Possible ways to define a new transaction:

  1. On every change.
  2. After a given interval of the last input if no new input has been made since.
  3. On space key (repeated ones can be ignored).
  4. On return key (repeated ones can be ignored).
  5. On backspace and/or delete (repeated ones can be ignored).
  6. On paste event.
  7. On execution of any command (e.g. Bold, Italic, ...etc).
  8. If the cursor/selection location was changed, and a new input has been made.
  9. Combination of all or some of the above.

Previously, 1 was the default behavior.
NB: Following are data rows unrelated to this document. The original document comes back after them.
lemma nn_integral_tangent_line_le:
  fixes w y :: "'a \<Rightarrow> real"
  assumes q: "q \<ge> 1" and m: "m \<ge> 0"
    and [measurable]: "w \<in> borel_measurable M" "y \<in> borel_measurable M"
    and w0: "\<And>x. w x \<ge> 0" and y0: "\<And>x. y x \<ge> 0"
    and w1: "(\<integral>\<^sup>+ x. ennreal (w x) \<partial>M) = 1"
  shows "ennreal (q * m powr (q - 1)) * (\<integral>\<^sup>+ x. ennreal (w x * y x) \<partial>M)
    \<le> (\<integral>\<^sup>+ x. ennreal (w x * y x powr q) \<partial>M) + ennreal ((q - 1) * m powr q)"
proof -
  have "ennreal (q * m powr (q - 1)) * (\<integral>\<^sup>+ x. ennreal (w x * y x) \<partial>M)
      = (\<integral>\<^sup>+ x. ennreal (q * m powr (q - 1) * (w x * y x)) \<partial>M)"
    using q m w0 y0 by (subst nn_integral_cmult[symmetric]) (auto simp: ennreal_mult)
  also have "\<dots> \<le> (\<integral>\<^sup>+ x. ennreal (w x * y x powr q) + ennreal ((q - 1) * m powr q) * ennreal (w x) \<partial>M)"
  proof (intro nn_integral_mono)
    fix x
    have "w x * (q * m powr (q - 1) * y x) \<le> w x * (y x powr q + (q - 1) * m powr q)"
      using powr_ge_tangent_line[OF q m y0] w0 by (intro mult_left_mono) auto
    then have "ennreal (q * m powr (q - 1) * (w x * y x))
        \<le> ennreal (w x * y x powr q + (q - 1) * m powr q * w x)"
      by (intro ennreal_leI) (simp add: algebra_simps)
    also have "\<dots> = ennreal (w x * y x powr q) + ennreal ((q - 1) * m powr q) * ennreal (w x)"
      using q w0[of x] by (simp add: ennreal_plus ennreal_mult)
    finally show "ennreal (q * m powr (q - 1) * (w x * y x))
        \<le> ennreal (w x * y x powr q) + ennreal ((q - 1) * m powr q) * ennreal (w x)" .
  qed
  also have "\<dots> = (\<integral>\<^sup>+ x. ennreal (w x * y x powr q) \<partial>M) + ennreal ((q - 1) * m powr q)"
    by (subst nn_integral_add) (auto simp: nn_integral_cmult w1)
  finally show ?thesis .
qed

lemma jensen_nn_integral_powr:
  fixes w y :: "'a \<Rightarrow> real"
  assumes q: "q \<ge> 1"
    and wm: "w \<in> borel_measurable M" and ym: "y \<in> borel_measurable M"
    and w0: "\<And>x. w x \<ge> 0" and y0: "\<And>x. y x \<ge> 0"
    and w1: "(\<integral>\<^sup>+ x. ennreal (w x) \<partial>M) = 1"
  shows "enn_powr (\<integral>\<^sup>+ x. ennreal (w x * y x) \<partial>M) q \<le> (\<integral>\<^sup>+ x. ennreal (w x * y x powr q) \<partial>M)"
proof (cases "(\<integral>\<^sup>+ x. ennreal (w x * y x powr q) \<partial>M)" rule: ennreal_cases)
  case (real a)
  define I where "I = (\<integral>\<^sup>+ x. ennreal (w x * y x) \<partial>M)"
  \<comment> \<open>the tangent line at \<open>m = 1\<close> shows that \<open>I\<close> is finite, the one at \<open>m = I\<close> gives the claim\<close>
  have tangent: "ennreal (q * m powr (q - 1)) * I \<le> ennreal (a + (q - 1) * m powr q)" if "m \<ge> 0" for m
    using nn_integral_tangent_line_le[OF q that wm ym w0 y0 w1] real q that
    by (simp add: I_def ennreal_plus)
  have "ennreal q * I < \<top>" using tangent[of 1] by (simp add: le_less_trans)
  with q obtain i where i: "I = ennreal i" "i \<ge> 0"
    by (cases I rule: ennreal_cases) (auto simp: ennreal_mult_eq_top_iff)
  have "ennreal (q * i powr (q - 1) * i) = ennreal (q * i powr (q - 1)) * I"
    unfolding i(1) using i(2) q by (intro ennreal_mult) auto
  with tangent[OF i(2)] have "ennreal (q * i powr (q - 1) * i) \<le> ennreal (a + (q - 1) * i powr q)"
    by (simp only:)
  then have "q * i powr (q - 1) * i \<le> a + (q - 1) * i powr q"
    using real q by (subst (asm) ennreal_le_iff) auto
  moreover have "q * i powr (q - 1) * i = q * i powr q"
    using q i by (cases "i = 0") (auto simp: powr_diff)
  moreover have "(q - 1) * i powr q = q * i powr q - i powr q" by (simp add: left_diff_distrib)
  ultimately have "i powr q \<le> a" by linarith
  then show ?thesis using i real by (simp add: enn_powr_def flip: I_def)
qed simp

definition modular :: "'a measure \<Rightarrow> ('a \<Rightarrow> real) \<Rightarrow> ('a \<Rightarrow> real) \<Rightarrow> real \<Rightarrow> ennreal" where
  "modular M p F lam = (\<integral>\<^sup>+ x. ennreal (\<bar>F x / lam\<bar> powr p x) \<partial>M)"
With the new undo manager, 2 is now the default. 3, 4, and 5 are possible with extra checking, but can be annoying to some users. 6 is the easiest, and can be implemented with a small change. 7, is also easy to implement, but there is a need to do minor changes on all the commands (passing a flag to force a new transaction with each command). 8 is not so trivial, especially taking into account the inconsistency with the Selection API across the browsers, but it can be made. Also with low interval, 8 becomes useless, since changing cursor location will pass that interval.